_TASK STATEMENT_: Look through the entries for the string "assumes" and copy every line where it shows up.

____________

section \<open>Fixed pairs and the induced map of the projective line\<close>

definition lin_subst :: "mat2 \<Rightarrow> bipoly \<Rightarrow> bipoly" where
  "lin_subst g P = (\<Sum>j\<le>coeff_bound P. \<Sum>i\<le>coeff_bound P. [:[:coeff (coeff P j) i:]:] *
      linear_form (g$1$1) (g$1$2) ^ i * linear_form (g$2$1) (g$2$2) ^ j)"

lemma ev_vec_lin_subst: "ev_vec (lin_subst g P) v = ev_vec P (g *v v)"
  unfolding ev_vec_def lin_subst_def matrix_vector_mult_nth
  by (simp add: ev2_as_sum[OF coeff_bound_ge, of P] mult.assoc)

lemma lin_subst_nonzero:
  assumes "invertible g" "P \<noteq> 0"
  shows "lin_subst g P \<noteq> 0"
proof
  assume "lin_subst g P = 0"
  hence "ev_vec P (g *v (matrix_inv g *v u)) = 0" for u
    by (metis ev_vec_lin_subst ev_vec_def ev2_0)
  hence "P = 0" by (intro bipoly_eq_0_if_ev_vec_eq_0) (simp add: matrix_inv_cancel[OF assms(1)])
  thus False using assms(2) by simp
qed

lemma fixed_by_commute:
  "fixed_by G F \<Longrightarrow> g \<in> G \<Longrightarrow> invertible g \<Longrightarrow> F (g *v w) = g *v F w"
  unfolding fixed_by_def by (metis matrix_inv_cancel(2))

lemma endo_homog_smult:
  "homog d f1 \<Longrightarrow> homog d f2 \<Longrightarrow> endo f1 f2 (c *s v) = c ^ d *s endo f1 f2 v"
  by (simp add: vec2_eq_iff ev_vec_homog_scale)

lemma zero_locus_iff_det2:
  assumes "homog d f1" "homog d f2"
  shows "q \<in> zero_locus f1 f2 \<longleftrightarrow> det2 (rep q) (endo f1 f2 (rep q)) = 0"
proof
  assume "q \<in> zero_locus f1 f2"
  then obtain v where v: "q = proj v" "v \<noteq> 0" "det2 v (endo f1 f2 v) = 0"
    unfolding zero_locus_def by (auto simp: det2_def ev_vec_def algebra_simps)
  thus "det2 (rep q) (endo f1 f2 (rep q)) = 0"
    by (simp add: rep_proj endo_homog_smult[OF assms] det2_smult)
next
  assume "det2 (rep q) (endo f1 f2 (rep q)) = 0"
  thus "q \<in> zero_locus f1 f2"
    unfolding zero_locus_def using rep_nonzero
    by (auto simp: det2_def ev_vec_def algebra_simps intro!: exI[of _ "rep q"])
qed

lemma ev_vec_unit_nonzero: "is_unit u \<Longrightarrow> ev_vec u w \<noteq> 0"
  by (metis dvdE ev_vec_1 ev_vec_mult mult_zero_left zero_neq_one)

____________

_EXERCISE ANSWER_:
  assumes "invertible g" "P \<noteq> 0"
  assumes "homog d f1" "homog d f2"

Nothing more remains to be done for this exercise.